■ PROBLEM DETAILS
Gather all lines from the material that contain "infinite".

Start of RECORDED INFORMATION

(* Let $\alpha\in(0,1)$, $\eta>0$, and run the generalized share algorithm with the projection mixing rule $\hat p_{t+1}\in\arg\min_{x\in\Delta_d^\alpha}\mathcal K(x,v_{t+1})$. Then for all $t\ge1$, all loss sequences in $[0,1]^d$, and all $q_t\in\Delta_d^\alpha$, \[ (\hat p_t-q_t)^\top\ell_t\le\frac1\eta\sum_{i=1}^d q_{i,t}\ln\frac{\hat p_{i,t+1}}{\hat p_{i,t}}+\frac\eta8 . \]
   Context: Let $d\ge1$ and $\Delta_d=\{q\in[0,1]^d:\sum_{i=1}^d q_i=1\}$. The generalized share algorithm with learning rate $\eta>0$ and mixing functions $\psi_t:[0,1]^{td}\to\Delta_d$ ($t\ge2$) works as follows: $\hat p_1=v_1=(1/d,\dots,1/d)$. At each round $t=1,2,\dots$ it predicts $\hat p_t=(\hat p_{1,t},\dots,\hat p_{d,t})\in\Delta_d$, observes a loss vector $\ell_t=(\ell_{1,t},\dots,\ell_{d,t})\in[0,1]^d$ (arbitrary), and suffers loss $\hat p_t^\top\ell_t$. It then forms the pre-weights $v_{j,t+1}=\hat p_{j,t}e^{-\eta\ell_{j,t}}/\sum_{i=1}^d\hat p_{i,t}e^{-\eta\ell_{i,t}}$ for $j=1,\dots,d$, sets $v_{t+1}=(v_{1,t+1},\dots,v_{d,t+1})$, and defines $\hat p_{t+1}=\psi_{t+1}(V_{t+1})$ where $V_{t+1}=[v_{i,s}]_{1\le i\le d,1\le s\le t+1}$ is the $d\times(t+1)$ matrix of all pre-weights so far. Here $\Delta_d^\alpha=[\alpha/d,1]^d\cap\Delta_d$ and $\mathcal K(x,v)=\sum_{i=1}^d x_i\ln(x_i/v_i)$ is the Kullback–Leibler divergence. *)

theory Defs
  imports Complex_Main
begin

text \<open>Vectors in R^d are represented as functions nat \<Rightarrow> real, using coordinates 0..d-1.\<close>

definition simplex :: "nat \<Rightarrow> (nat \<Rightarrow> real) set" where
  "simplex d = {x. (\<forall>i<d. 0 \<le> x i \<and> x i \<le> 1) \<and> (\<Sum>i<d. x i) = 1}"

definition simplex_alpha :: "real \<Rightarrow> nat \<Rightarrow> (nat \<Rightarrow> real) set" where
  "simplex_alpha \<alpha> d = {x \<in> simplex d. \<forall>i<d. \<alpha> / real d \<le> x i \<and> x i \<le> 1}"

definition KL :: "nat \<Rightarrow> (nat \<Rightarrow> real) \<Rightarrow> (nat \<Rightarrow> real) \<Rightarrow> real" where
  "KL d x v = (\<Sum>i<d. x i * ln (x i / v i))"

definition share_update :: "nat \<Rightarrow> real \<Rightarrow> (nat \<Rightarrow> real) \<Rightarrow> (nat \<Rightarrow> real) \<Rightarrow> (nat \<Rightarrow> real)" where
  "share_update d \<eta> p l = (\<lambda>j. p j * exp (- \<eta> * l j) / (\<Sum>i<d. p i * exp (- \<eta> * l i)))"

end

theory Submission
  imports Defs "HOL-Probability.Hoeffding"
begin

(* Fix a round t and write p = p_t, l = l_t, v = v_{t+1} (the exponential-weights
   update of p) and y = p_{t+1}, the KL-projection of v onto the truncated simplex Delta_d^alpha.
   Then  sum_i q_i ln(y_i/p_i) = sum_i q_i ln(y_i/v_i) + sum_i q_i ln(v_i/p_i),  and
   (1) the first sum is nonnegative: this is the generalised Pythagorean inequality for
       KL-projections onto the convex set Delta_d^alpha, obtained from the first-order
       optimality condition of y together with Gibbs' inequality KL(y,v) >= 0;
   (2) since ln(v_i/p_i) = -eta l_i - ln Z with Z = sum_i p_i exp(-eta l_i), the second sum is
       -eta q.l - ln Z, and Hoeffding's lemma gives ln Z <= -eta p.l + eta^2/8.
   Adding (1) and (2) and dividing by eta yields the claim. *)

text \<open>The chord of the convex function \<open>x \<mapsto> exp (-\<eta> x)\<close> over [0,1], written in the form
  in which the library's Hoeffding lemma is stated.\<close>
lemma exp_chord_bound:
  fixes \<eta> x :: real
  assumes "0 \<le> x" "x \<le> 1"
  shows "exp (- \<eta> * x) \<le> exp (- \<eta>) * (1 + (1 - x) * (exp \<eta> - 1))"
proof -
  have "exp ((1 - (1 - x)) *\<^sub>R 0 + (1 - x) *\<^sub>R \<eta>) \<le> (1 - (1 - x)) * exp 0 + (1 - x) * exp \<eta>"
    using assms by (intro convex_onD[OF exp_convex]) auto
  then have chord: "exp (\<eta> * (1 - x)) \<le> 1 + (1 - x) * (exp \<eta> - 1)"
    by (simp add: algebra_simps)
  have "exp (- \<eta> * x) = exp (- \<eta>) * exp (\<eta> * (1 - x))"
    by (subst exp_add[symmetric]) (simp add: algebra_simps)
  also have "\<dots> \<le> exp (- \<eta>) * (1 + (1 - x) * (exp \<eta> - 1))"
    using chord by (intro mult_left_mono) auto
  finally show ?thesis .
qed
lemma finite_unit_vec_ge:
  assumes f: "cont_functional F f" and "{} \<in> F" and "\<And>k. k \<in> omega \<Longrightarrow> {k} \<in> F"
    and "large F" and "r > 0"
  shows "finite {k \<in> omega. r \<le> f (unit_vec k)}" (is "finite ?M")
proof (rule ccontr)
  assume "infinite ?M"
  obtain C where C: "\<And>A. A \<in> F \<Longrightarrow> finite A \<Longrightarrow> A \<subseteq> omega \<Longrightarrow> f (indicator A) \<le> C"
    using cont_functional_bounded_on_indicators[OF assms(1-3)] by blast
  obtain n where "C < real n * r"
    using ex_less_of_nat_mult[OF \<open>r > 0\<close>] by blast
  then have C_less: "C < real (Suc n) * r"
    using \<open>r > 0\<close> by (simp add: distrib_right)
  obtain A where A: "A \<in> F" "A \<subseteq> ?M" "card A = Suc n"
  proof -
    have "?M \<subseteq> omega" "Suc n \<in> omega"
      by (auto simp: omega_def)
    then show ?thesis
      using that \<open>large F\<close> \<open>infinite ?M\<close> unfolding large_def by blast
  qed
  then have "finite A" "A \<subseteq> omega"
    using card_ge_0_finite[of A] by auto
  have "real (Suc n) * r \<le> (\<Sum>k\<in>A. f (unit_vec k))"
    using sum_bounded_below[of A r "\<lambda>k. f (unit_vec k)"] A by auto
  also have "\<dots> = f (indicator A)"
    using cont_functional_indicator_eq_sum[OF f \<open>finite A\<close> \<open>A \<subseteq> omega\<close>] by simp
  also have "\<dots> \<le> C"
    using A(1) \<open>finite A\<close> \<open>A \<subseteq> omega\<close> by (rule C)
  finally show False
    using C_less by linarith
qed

End of RECORDED INFORMATION
Start of RECORDED INFORMATION

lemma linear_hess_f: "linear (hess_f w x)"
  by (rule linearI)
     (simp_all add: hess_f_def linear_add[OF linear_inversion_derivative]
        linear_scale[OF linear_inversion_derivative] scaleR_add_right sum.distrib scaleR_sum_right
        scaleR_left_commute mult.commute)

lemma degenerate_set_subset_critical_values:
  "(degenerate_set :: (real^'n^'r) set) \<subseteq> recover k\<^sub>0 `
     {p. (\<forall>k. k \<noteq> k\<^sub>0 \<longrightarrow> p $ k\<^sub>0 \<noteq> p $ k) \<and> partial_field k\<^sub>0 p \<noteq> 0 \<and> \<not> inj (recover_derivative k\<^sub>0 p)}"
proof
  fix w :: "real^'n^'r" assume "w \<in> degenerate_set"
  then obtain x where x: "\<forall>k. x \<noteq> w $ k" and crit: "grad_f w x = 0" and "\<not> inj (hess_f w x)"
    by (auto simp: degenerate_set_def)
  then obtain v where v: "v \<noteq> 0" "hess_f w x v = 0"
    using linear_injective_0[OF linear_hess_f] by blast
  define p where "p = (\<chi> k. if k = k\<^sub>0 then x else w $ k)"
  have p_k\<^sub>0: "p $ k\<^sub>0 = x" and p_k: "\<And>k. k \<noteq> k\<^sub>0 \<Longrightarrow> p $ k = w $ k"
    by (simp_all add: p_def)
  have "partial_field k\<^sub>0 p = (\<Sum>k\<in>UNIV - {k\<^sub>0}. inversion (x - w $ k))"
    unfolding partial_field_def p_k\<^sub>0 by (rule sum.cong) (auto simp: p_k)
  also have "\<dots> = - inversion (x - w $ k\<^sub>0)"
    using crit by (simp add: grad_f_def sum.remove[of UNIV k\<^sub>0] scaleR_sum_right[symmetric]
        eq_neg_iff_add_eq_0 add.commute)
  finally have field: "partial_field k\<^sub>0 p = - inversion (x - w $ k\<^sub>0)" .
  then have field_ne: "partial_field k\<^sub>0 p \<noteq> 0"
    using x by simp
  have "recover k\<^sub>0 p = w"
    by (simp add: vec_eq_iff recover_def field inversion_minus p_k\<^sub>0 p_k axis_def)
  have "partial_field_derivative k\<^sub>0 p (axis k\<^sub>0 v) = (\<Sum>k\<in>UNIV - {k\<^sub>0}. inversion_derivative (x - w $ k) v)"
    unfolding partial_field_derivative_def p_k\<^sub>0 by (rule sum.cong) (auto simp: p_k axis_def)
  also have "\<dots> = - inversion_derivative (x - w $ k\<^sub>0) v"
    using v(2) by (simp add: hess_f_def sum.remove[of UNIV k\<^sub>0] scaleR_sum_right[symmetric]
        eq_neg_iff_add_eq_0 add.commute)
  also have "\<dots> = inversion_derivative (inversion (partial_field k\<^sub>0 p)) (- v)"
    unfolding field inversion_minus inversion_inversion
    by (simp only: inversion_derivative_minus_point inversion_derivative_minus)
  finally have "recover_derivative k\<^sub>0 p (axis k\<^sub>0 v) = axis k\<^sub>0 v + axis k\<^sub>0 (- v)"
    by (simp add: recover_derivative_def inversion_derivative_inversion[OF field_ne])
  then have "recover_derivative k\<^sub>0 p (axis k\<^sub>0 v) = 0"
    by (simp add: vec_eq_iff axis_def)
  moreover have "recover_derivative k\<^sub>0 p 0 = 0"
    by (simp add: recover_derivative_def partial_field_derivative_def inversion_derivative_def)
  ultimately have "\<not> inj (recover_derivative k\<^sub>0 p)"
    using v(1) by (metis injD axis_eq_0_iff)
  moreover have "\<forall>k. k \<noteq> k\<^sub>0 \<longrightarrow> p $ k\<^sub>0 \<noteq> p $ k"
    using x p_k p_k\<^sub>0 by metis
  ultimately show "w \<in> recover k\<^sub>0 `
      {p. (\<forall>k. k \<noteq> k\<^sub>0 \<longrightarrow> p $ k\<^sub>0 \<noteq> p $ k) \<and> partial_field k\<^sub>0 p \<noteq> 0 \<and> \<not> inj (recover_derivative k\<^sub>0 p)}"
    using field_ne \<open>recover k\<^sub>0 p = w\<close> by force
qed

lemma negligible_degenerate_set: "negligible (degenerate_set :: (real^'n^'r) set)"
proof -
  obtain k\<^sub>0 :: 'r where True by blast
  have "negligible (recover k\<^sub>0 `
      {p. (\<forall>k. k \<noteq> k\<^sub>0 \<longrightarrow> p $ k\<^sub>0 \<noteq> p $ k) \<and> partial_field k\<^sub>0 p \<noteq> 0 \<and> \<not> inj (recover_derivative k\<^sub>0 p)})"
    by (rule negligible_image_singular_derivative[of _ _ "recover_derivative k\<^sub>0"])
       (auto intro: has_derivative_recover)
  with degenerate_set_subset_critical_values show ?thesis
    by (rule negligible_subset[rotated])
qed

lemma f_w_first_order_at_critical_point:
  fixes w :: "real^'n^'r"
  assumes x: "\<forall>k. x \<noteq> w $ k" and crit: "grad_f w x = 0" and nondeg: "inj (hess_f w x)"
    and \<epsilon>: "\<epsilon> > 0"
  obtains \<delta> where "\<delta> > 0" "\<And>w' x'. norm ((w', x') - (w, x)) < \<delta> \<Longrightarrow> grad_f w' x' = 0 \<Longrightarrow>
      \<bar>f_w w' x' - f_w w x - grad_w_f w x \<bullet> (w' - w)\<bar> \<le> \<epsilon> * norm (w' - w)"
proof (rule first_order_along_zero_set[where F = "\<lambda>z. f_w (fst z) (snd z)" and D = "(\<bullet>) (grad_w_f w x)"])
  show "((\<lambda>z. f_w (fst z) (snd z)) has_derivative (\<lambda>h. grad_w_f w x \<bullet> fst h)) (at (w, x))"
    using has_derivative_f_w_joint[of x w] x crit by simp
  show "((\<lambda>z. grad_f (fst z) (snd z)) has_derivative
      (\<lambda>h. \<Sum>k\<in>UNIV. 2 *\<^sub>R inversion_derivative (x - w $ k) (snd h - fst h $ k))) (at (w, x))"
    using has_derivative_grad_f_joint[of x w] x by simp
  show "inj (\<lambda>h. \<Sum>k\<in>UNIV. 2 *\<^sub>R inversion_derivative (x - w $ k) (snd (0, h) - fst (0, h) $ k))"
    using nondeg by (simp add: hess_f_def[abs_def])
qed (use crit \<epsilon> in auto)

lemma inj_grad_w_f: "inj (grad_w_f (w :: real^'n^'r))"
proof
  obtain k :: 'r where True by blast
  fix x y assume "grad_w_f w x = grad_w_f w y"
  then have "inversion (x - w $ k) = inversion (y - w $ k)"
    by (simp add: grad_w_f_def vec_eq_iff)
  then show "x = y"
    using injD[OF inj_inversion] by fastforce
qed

End of RECORDED INFORMATION

■ RESPONSE TO THIS EXERCISE
  assume "infinite ?M"
      using that \<open>large F\<close> \<open>infinite ?M\<close> unfolding large_def by blast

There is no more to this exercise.